ボールマンとマークマンを結んだ直線状に手もしくは体を入れて、マークマンに簡単にパスを渡さないようにするためのディフェンスです。「deny」という英単語は「否定する」という意味があるため、パスが通らないように、通ったとしてももらいたい場所でもらわせないようにする守り方です。一般的にボールを持っていない選手の守り方として最初に教わるのがディナイだと思います。

 

 

 ようするに、オフボールプレイヤー(パスレシーバー)をマークすることで、パスが来た時にパスカットできるようディフェンスしていることになります。サッカーにおいては、いわゆる「人につくマーク」のように考えた方が分かりやすいかもしれません。ハーフライン付近でブロックを作りながら、マンツーマンのような形で守るやり方。あるいは、相手陣内でのビルドアップ妨害などが想定しやすいでしょうか。
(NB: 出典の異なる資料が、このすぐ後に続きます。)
(* Let $\Delta$ be an environment and $\eta:\mathfrak X\to\mathcal P(\Sigma^{\le\omega})$ with $\eta\models\Delta$. Let $f\in\mathcal F$, $U\subseteq\Sigma^*$, let $X\in\mathfrak X$ be a variable not used by any binding of $\Delta$, and let $V_0\subseteq\Sigma^{\le\omega}$ be such that $f\uparrow w$ implies $w\in V_0$ for all traces $w$. Put $\eta'=\eta[X\mapsto V_0]$. If $\Delta, f\ \&\ (U,X)\vdash e_f\ \&\ (U, A\cdot X\cup V(\mathfrak X-X))$ is derivable for some $A\subseteq\Sigma^*$ and some expression $V(\mathfrak X-X)$, then $\eta'\models \Delta, f\ \&\ (U,X)$.
   Context: Fix a finite alphabet $\Sigma$ of events; $\Sigma^*$ and $\Sigma^\omega$ are the finite and infinite words, $\Sigma^{\le\omega}=\Sigma^*\cup\Sigma^\omega$. For words $w,u$, $w\cdot u=wu$ if $w$ is finite and $w\cdot u=w$ if $w$ is infinite; concatenation of languages is pointwise. Expressions: $e::=o(a)\mid f\mid e_1;e_2\mid e_1?e_2$ with $a\in\Sigma$ and $f$ a procedure name. A program is a finite set $\mathcal F$ of procedure names together with a defining expression $e_f$ for each $f\in\mathcal F$ using only names from $\mathcal F$ (recursion allowed); such a program is fixed. Trace semantics: let $\checkmark\notin\Sigma$. The relations $e\Downarrow w$ and $e\Uparrow w$, for $w\in(\Sigma\uplus\{\checkmark\})^*$, are the least relations closed under: $o(a)\Downarrow a$; $o(a)\Uparrow a$; $e\Uparrow\epsilon$ for every $e$; if $e_f\Downarrow w$ then $f\Downarrow w$; if $e_f\Uparrow w$ then $f\Uparrow\checkmark w$; if $e_1\Downarrow w$ and $e_2\Downarrow u$ then $e_1;e_2\Downarrow wu$; if $e_1\Downarrow w$ and $e_2\Uparrow u$ then $e_1;e_2\Uparrow wu$; if $e_1\Uparrow w$ then $e_1;e_2\Uparrow w$; if $e_1\Downarrow w$ or $e_2\Downarrow w$ then $e_1?e_2\Downarrow w$; if $e_1\Uparrow w$ or $e_2\Uparrow w$ then $e_1?e_2\Uparrow w$. Let $\theta$ delete all occurrences of $\checkmark$ from a word. Then $e\downarrow w$ iff $w=\theta(w')$ for some $w'\in(\Sigma\uplus\{\checkmark\})^*$ with $e\Downarrow w'$; and $e\uparrow w$ iff $w=\theta(w')$ for some infinite $w'\in(\Sigma\uplus\{\checkmark\})^\omega$ such that $e\Uparrow u$ for every finite prefix $u$ of $w'$. Let $\mathfrak X$ be a set of variables. For $A\subseteq\Sigma^*$, $A^*$ is the Kleene star and $A^\omega$ is the set of all words $w_0\cdot w_1\cdot w_2\cdots$ with all $w_i\in A$. An expression $V(\mathfrak X)$ is a formal expression $\bigcup_{Y\in\mathfrak X}(A_Y\cdot Y)\cup B$ with $A_Y\subseteq\Sigma^*$, $B\subseteq\Sigma^{\le\omega}$; $V(\mathfrak X-X)$ denotes such an expression with $A_X=\emptyset$; the variable $X$ denotes the expression with $A_X=\{\epsilon\}$, other $A_Y=\emptyset$, $B=\emptyset$; a language $B$ denotes the expression with all $A_Y=\emptyset$. Operations: $A\cdot V(\mathfrak X)=\bigcup_Y((A\cdot A_Y)\cdot Y)\cup(A\cdot B)$, $V\cup V'$ componentwise. For $\eta:\mathfrak X\to\mathcal P(\Sigma^{\le\omega})$, $V(\eta)=\bigcup_Y A_Y\cdot\eta(Y)\cup B$. An environment $\Delta$ is a finite set of bindings $f\ \&\ (U,X)$ with $f\in\mathcal F$, $U\subseteq\Sigma^*$, $X\in\mathfrak X$, distinct bindings using distinct variables. Judgements $\Delta\vdash e\ \&\ (U,V(\mathfrak X))$ are derived by: (i) $\Delta\vdash o(a)\ \&\ (\{a\},\emptyset)$; (ii) from $\Delta\vdash e_1\ \&\ (U_1,V_1(\mathfrak X))$ and $\Delta\vdash e_2\ \&\ (U_2,V_2(\mathfrak X))$ infer $\Delta\vdash e_1;e_2\ \&\ (U_1\cdot U_2, V_1(\mathfrak X)\cup U_1\cdot V_2(\mathfrak X))$; (iii) from the same premises infer $\Delta\vdash e_1?e_2\ \&\ (U_1\cup U_2, V_1(\mathfrak X)\cup V_2(\mathfrak X))$; (iv) $\Delta,f\ \&\ (U,X)\vdash f\ \&\ (U,X)$; (v) from $\Delta, f\ \&\ (U,X)\vdash e_f\ \&\ (U,A\cdot X\cup V(\mathfrak X-X))$ infer $\Delta\vdash f\ \&\ (U,A^*\cdot V(\mathfrak X-X)\cup A^\omega)$. $\Delta$ is justified if for every binding $f\ \&\ (U,X)$ in $\Delta$ there are $A$, $V(\mathfrak X-X)$ with $\Delta\vdash e_f\ \&\ (U,A\cdot X\cup V(\mathfrak X-X))$. We write $\eta\models\Delta$ if $\Delta$ is justified and for every binding $g\ \&\ (U',Y)$ in $\Delta$ and every $w$ with $g\uparrow w$ we have $w\in\eta(Y)$. *)

theory Defs
  imports Main
begin

datatype 'a word = Fin "'a list" | Inf "nat \<Rightarrow> 'a"

fun prepend :: "'a list \<Rightarrow> 'a word \<Rightarrow> 'a word" where
  "prepend w (Fin u) = Fin (w @ u)"
| "prepend w (Inf s) = Inf (\<lambda>n. if n < length w then w ! n else s (n - length w))"

fun wcat :: "'a word \<Rightarrow> 'a word \<Rightarrow> 'a word" where
  "wcat (Fin w) u = prepend w u"
| "wcat (Inf s) u = Inf s"

definition lcat :: "'a list set \<Rightarrow> 'a list set \<Rightarrow> 'a list set" where
  "lcat A B = {w @ u | w u. w \<in> A \<and> u \<in> B}"

definition lwcat :: "'a list set \<Rightarrow> 'a word set \<Rightarrow> 'a word set" where
  "lwcat A B = {prepend w u | w u. w \<in> A \<and> u \<in> B}"

definition ocat :: "(nat \<Rightarrow> 'a list) \<Rightarrow> 'a word" where
  "ocat ws = (if \<exists>N. \<forall>i\<ge>N. ws i = []
     then Fin (concat (map ws [0..<(LEAST N. \<forall>i\<ge>N. ws i = [])]))
     else Inf (\<lambda>n. let k = (LEAST k. n < length (concat (map ws [0..<k])))
                   in concat (map ws [0..<k]) ! n))"

definition kstar :: "'a list set \<Rightarrow> 'a list set" where
  "kstar A = {concat ws | ws. set ws \<subseteq> A}"

definition lomega :: "'a list set \<Rightarrow> 'a word set" where
  "lomega A = {ocat ws | ws. \<forall>i. ws i \<in> A}"

datatype ('a, 'f) expr = Op 'a | Call 'f | Seq "('a, 'f) expr" "('a, 'f) expr"
  | Choice "('a, 'f) expr" "('a, 'f) expr"

datatype 'a tev = Ev 'a | Tick

fun theta :: "'a tev list \<Rightarrow> 'a list" where
  "theta [] = []"
| "theta (Ev a # w) = a # theta w"
| "theta (Tick # w) = theta w"

definition theta_inf :: "(nat \<Rightarrow> 'a tev) \<Rightarrow> 'a word" where
  "theta_inf s = ocat (\<lambda>i. theta [s i])"

inductive conv :: "('f \<Rightarrow> ('a, 'f) expr) \<Rightarrow> ('a, 'f) expr \<Rightarrow> 'a tev list \<Rightarrow> bool"
  for body where
  conv_op: "conv body (Op a) [Ev a]"
| conv_call: "conv body (body f) w \<Longrightarrow> conv body (Call f) w"
| conv_seq: "conv body e1 w \<Longrightarrow> conv body e2 u \<Longrightarrow> conv body (Seq e1 e2) (w @ u)"
| conv_ch1: "conv body e1 w \<Longrightarrow> conv body (Choice e1 e2) w"
| conv_ch2: "conv body e2 w \<Longrightarrow> conv body (Choice e1 e2) w"
(* Let $n\ge3$, $\boldsymbol\ell$ positive lengths, $\mu,\tau^*\in\mathbb{R}$, $N>0$ a smooth function on $T^n$ depending only on $s^1$, and $Z=z(s^1)\partial_{s^1}$ a smooth vector field. Consider the CTS-H$^{**}$ conformal data set $(g_{\boldsymbol\ell},\mu\sigma^\flat_{\boldsymbol\ell},\tau^*,Z,N)$. (1) If $\mu$ and $\tau^*$ are nonzero and have the same sign, then $\phi\equiv c=(\mu/\tau^* )^{1/q}$, $W=Z$ is a solution of the CTS-H$^{**}$ equations, and the generated solution of the constraint equations is $$\bar g=g_{r\boldsymbol\ell},\qquad \bar K=\bar\tau\,(r\ell_1)^2(ds^1)^2,\qquad \bar\tau=\tau^*+c^{-q}\tfrac1N\mathrm{div}_{g_{\boldsymbol\ell}}Z,\qquad r=c^{(q-2)/2}=(\mu/\tau^* )^{1/n}.$$ (2) If $\mu=\tau^*=0$, then for every $c>0$, $\phi\equiv c$, $W=Z$ is a solution of the CTS-H$^{**}$ equations, and the associated solution of the constraint equations is $\bar g=g_{r\boldsymbol\ell}$, $\bar K=\bar\tau(r\ell_1)^2(ds^1)^2$ with $\bar\tau=c^{-q}\frac1N\mathrm{div}_{g_{\boldsymbol\ell}}Z$ and $r=c^{(q-2)/2}$.
   Context: $q=\frac{2n}{n-2}$, $\kappa=\frac{n-1}{n}$. $T^n=(\mathbb{R}/\mathbb{Z})^n$ with unit coordinates $(s^1,\ldots,s^n)$; $g_{\boldsymbol\ell}=\sum_k\ell_k^2(ds^k)^2$; $r\boldsymbol\ell=(r\ell_1,\ldots,r\ell_n)$; $\sigma^\flat_{\boldsymbol\ell}=\kappa\ell_1^2(ds^1)^2-\frac1n\sum_{k\ge2}\ell_k^2(ds^k)^2$ (transverse-traceless for $g_{\boldsymbol\ell}$). $\mathcal{L}_gW=L_Wg-\frac2n(\mathrm{div}_gW)g$. CTS-H$^{**}$ (drift-parameterized mean curvature) method: data $(g,\sigma,\tau^*,Z,N)$ with $\sigma$ transverse-traceless, $\tau^*$ constant, $Z$ a vector field (the drift), $N>0$. A solution of the CTS-H$^{**}$ equations is a pair $(\phi,W)$, $\phi>0$, $W$ a vector field, such that $$\bar g=\phi^{q-2}g,\qquad \bar K=\phi^{-2}\Big(\sigma+\tfrac1{2N}\mathcal{L}_gW\Big)+\frac{\tau^*+\frac{\phi^{-2q}}{N}\mathrm{div}_g(\phi^qZ)}{n}\bar g$$ solves the Einstein constraint equations $R_{\bar g}-|\bar K|^2+(\mathrm{tr}\bar K)^2=0$, $\mathrm{div}_{\bar g}\bar K=d\,\mathrm{tr}_{\bar g}\bar K$; this is the generated solution. *)

theory Defs
  imports "HOL-Analysis.Analysis"
begin

text \<open>Points are
  represented by coordinates x :: real^'n; functions on T^n are Z^n-periodic
  functions on R^n.  The distinguished coordinate s^1 is an arbitrary fixed
  index a :: 'n.  Symmetric 2-tensors are matrix-valued functions
  real^'n => real^'n^'n (entries T x $ i $ j), vector fields are
  functions real^'n => real^'n.\<close>

definition qexp :: "nat \<Rightarrow> real" where
  "qexp n = 2 * real n / (real n - 2)"

definition kappa :: "nat \<Rightarrow> real" where
  "kappa n = (real n - 1) / real n"

definition pd :: "'n::finite \<Rightarrow> (real^'n \<Rightarrow> real) \<Rightarrow> real^'n \<Rightarrow> real" where
  "pd i f x = deriv (\<lambda>t. f (x + t *\<^sub>R axis i 1)) 0"

fun pds :: "'n::finite list \<Rightarrow> (real^'n \<Rightarrow> real) \<Rightarrow> real^'n \<Rightarrow> real" where
  "pds [] f = f"
| "pds (i # is) f = pd i (pds is f)"

definition smooth_fun :: "(real^'n::finite \<Rightarrow> real) \<Rightarrow> bool" where
  "smooth_fun f \<longleftrightarrow> (\<forall>is. continuous_on UNIV (pds is f) \<and>
      (\<forall>i x. (\<lambda>t. pds is f (x + t *\<^sub>R axis i 1)) differentiable (at 0)))"

definition periodic_fun :: "(real^'n::finite \<Rightarrow> 'b) \<Rightarrow> bool" where
  "periodic_fun f \<longleftrightarrow> (\<forall>x i. f (x + axis i 1) = f x)"

definition torus_fun :: "(real^'n::finite \<Rightarrow> real) \<Rightarrow> bool" where
  "torus_fun f \<longleftrightarrow> smooth_fun f \<and> periodic_fun f"

definition torus_vf :: "(real^'n::finite \<Rightarrow> real^'n) \<Rightarrow> bool" where
  "torus_vf W \<longleftrightarrow> (\<forall>i. torus_fun (\<lambda>x. W x $ i))"

definition smooth_real :: "(real \<Rightarrow> real) \<Rightarrow> bool" where
  "smooth_real f \<longleftrightarrow> (\<forall>k x. ((deriv ^^ k) f) differentiable (at x))"

definition ginv :: "(real^'n::finite \<Rightarrow> real^'n^'n) \<Rightarrow> real^'n \<Rightarrow> real^'n^'n" where
  "ginv g x = matrix_inv (g x)"

definition christ :: "(real^'n::finite \<Rightarrow> real^'n^'n) \<Rightarrow> 'n \<Rightarrow> 'n \<Rightarrow> 'n \<Rightarrow> real^'n \<Rightarrow> real" where
  "christ g k i j x = (\<Sum>l\<in>UNIV. ginv g x $ k $ l *
      (pd i (\<lambda>y. g y $ j $ l) x + pd j (\<lambda>y. g y $ i $ l) x - pd l (\<lambda>y. g y $ i $ j) x)) / 2"

definition ricci :: "(real^'n::finite \<Rightarrow> real^'n^'n) \<Rightarrow> 'n \<Rightarrow> 'n \<Rightarrow> real^'n \<Rightarrow> real" where
  "ricci g j k x = (\<Sum>i\<in>UNIV. pd i (christ g i j k) x - pd j (christ g i i k) x
      + (\<Sum>p\<in>UNIV. christ g i i p x * christ g p j k x - christ g i j p x * christ g p i k x))"

definition scalar_curv :: "(real^'n::finite \<Rightarrow> real^'n^'n) \<Rightarrow> real^'n \<Rightarrow> real" where
  "scalar_curv g x = (\<Sum>j\<in>UNIV. \<Sum>k\<in>UNIV. ginv g x $ j $ k * ricci g j k x)"

definition trace_g :: "(real^'n::finite \<Rightarrow> real^'n^'n) \<Rightarrow> (real^'n \<Rightarrow> real^'n^'n) \<Rightarrow> real^'n \<Rightarrow> real" where
  "trace_g g K x = (\<Sum>i\<in>UNIV. \<Sum>j\<in>UNIV. ginv g x $ i $ j * K x $ i $ j)"

definition normsq_g :: "(real^'n::finite \<Rightarrow> real^'n^'n) \<Rightarrow> (real^'n \<Rightarrow> real^'n^'n) \<Rightarrow> real^'n \<Rightarrow> real" where
  "normsq_g g K x = (\<Sum>i\<in>UNIV. \<Sum>j\<in>UNIV. \<Sum>k\<in>UNIV. \<Sum>l\<in>UNIV.
      ginv g x $ i $ k * ginv g x $ j $ l * K x $ i $ j * K x $ k $ l)"

definition cov_deriv2 :: "(real^'n::finite \<Rightarrow> real^'n^'n) \<Rightarrow> (real^'n \<Rightarrow> real^'n^'n) \<Rightarrow> 'n \<Rightarrow> 'n \<Rightarrow> 'n \<Rightarrow> real^'n \<Rightarrow> real" where
  "cov_deriv2 g K k i j x = pd k (\<lambda>y. K y $ i $ j) x
      - (\<Sum>p\<in>UNIV. christ g p k i x * K x $ p $ j)
      - (\<Sum>p\<in>UNIV. christ g p k j x * K x $ i $ p)"

definition div_tensor :: "(real^'n::finite \<Rightarrow> real^'n^'n) \<Rightarrow> (real^'n \<Rightarrow> real^'n^'n) \<Rightarrow> 'n \<Rightarrow> real^'n \<Rightarrow> real" where
  "div_tensor g K j x = (\<Sum>i\<in>UNIV. \<Sum>k\<in>UNIV. ginv g x $ i $ k * cov_deriv2 g K k i j x)"

definition div_vf :: "(real^'n::finite \<Rightarrow> real^'n^'n) \<Rightarrow> (real^'n \<Rightarrow> real^'n) \<Rightarrow> real^'n \<Rightarrow> real" where
  "div_vf g W x = (\<Sum>i\<in>UNIV. pd i (\<lambda>y. W y $ i) x + (\<Sum>p\<in>UNIV. christ g i i p x * W x $ p))"

definition lie_metric :: "(real^'n::finite \<Rightarrow> real^'n^'n) \<Rightarrow> (real^'n \<Rightarrow> real^'n) \<Rightarrow> real^'n \<Rightarrow> real^'n^'n" where
  "lie_metric g W x = (\<chi> i j. \<Sum>k\<in>UNIV. W x $ k * pd k (\<lambda>y. g y $ i $ j) x
      + g x $ k $ j * pd i (\<lambda>y. W y $ k) x + g x $ i $ k * pd j (\<lambda>y. W y $ k) x)"

definition conf_killing :: "(real^'n::finite \<Rightarrow> real^'n^'n) \<Rightarrow> (real^'n \<Rightarrow> real^'n) \<Rightarrow> real^'n \<Rightarrow> real^'n^'n" where
  "conf_killing g W x = lie_metric g W x - (2 / real CARD('n) * div_vf g W x) *\<^sub>R g x"

definition constraint_eqs :: "(real^'n::finite \<Rightarrow> real^'n^'n) \<Rightarrow> (real^'n \<Rightarrow> real^'n^'n) \<Rightarrow> bool" where
  "constraint_eqs gb Kb \<longleftrightarrow>
     (\<forall>x. scalar_curv gb x - normsq_g gb Kb x + (trace_g gb Kb x)\<^sup>2 = 0) \<and>
     (\<forall>x j. div_tensor gb Kb j x = pd j (trace_g gb Kb) x)"

definition cts_gbar :: "(real^'n::finite \<Rightarrow> real^'n^'n) \<Rightarrow> (real^'n \<Rightarrow> real) \<Rightarrow> real^'n \<Rightarrow> real^'n^'n" where
  "cts_gbar g \<phi> x = (\<phi> x powr (qexp CARD('n) - 2)) *\<^sub>R g x"

definition cts_Kbar :: "(real^'n::finite \<Rightarrow> real^'n^'n) \<Rightarrow> (real^'n \<Rightarrow> real^'n^'n) \<Rightarrow> real
    \<Rightarrow> (real^'n \<Rightarrow> real^'n) \<Rightarrow> (real^'n \<Rightarrow> real) \<Rightarrow> (real^'n \<Rightarrow> real) \<Rightarrow> (real^'n \<Rightarrow> real^'n)
    \<Rightarrow> real^'n \<Rightarrow> real^'n^'n" where
  "cts_Kbar g \<sigma> \<tau> Z N \<phi> W x =
     (\<phi> x powr (-2)) *\<^sub>R (\<sigma> x + (1 / (2 * N x)) *\<^sub>R conf_killing g W x)
     + ((\<tau> + \<phi> x powr (- 2 * qexp CARD('n)) / N x
            * div_vf g (\<lambda>y. (\<phi> y powr qexp CARD('n)) *\<^sub>R Z y) x) / real CARD('n))
       *\<^sub>R cts_gbar g \<phi> x"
 さらに突っ込んで言えば、「ボールホルダーにも、ホルダー以外のオフボールプレイヤーにもマークやプレッシングをかけるディフェンス」がディナイディフェンスと定義できそうです。一時期サッカー界隈をにぎわした、「トランジション」、「インテンシティ」や「デュエル」と言った、相手ボールになるかならないかの局面での「球際の守備」と「守備で相手のポゼッションを妨害してカウンター攻撃へ繋げる」のが、いわばディナイディフェンスの理想型だと考えます。2019年後半のベガルタ仙台は、このディナイディフェンスで勝ち点をもぎ取っていったのではと考えます。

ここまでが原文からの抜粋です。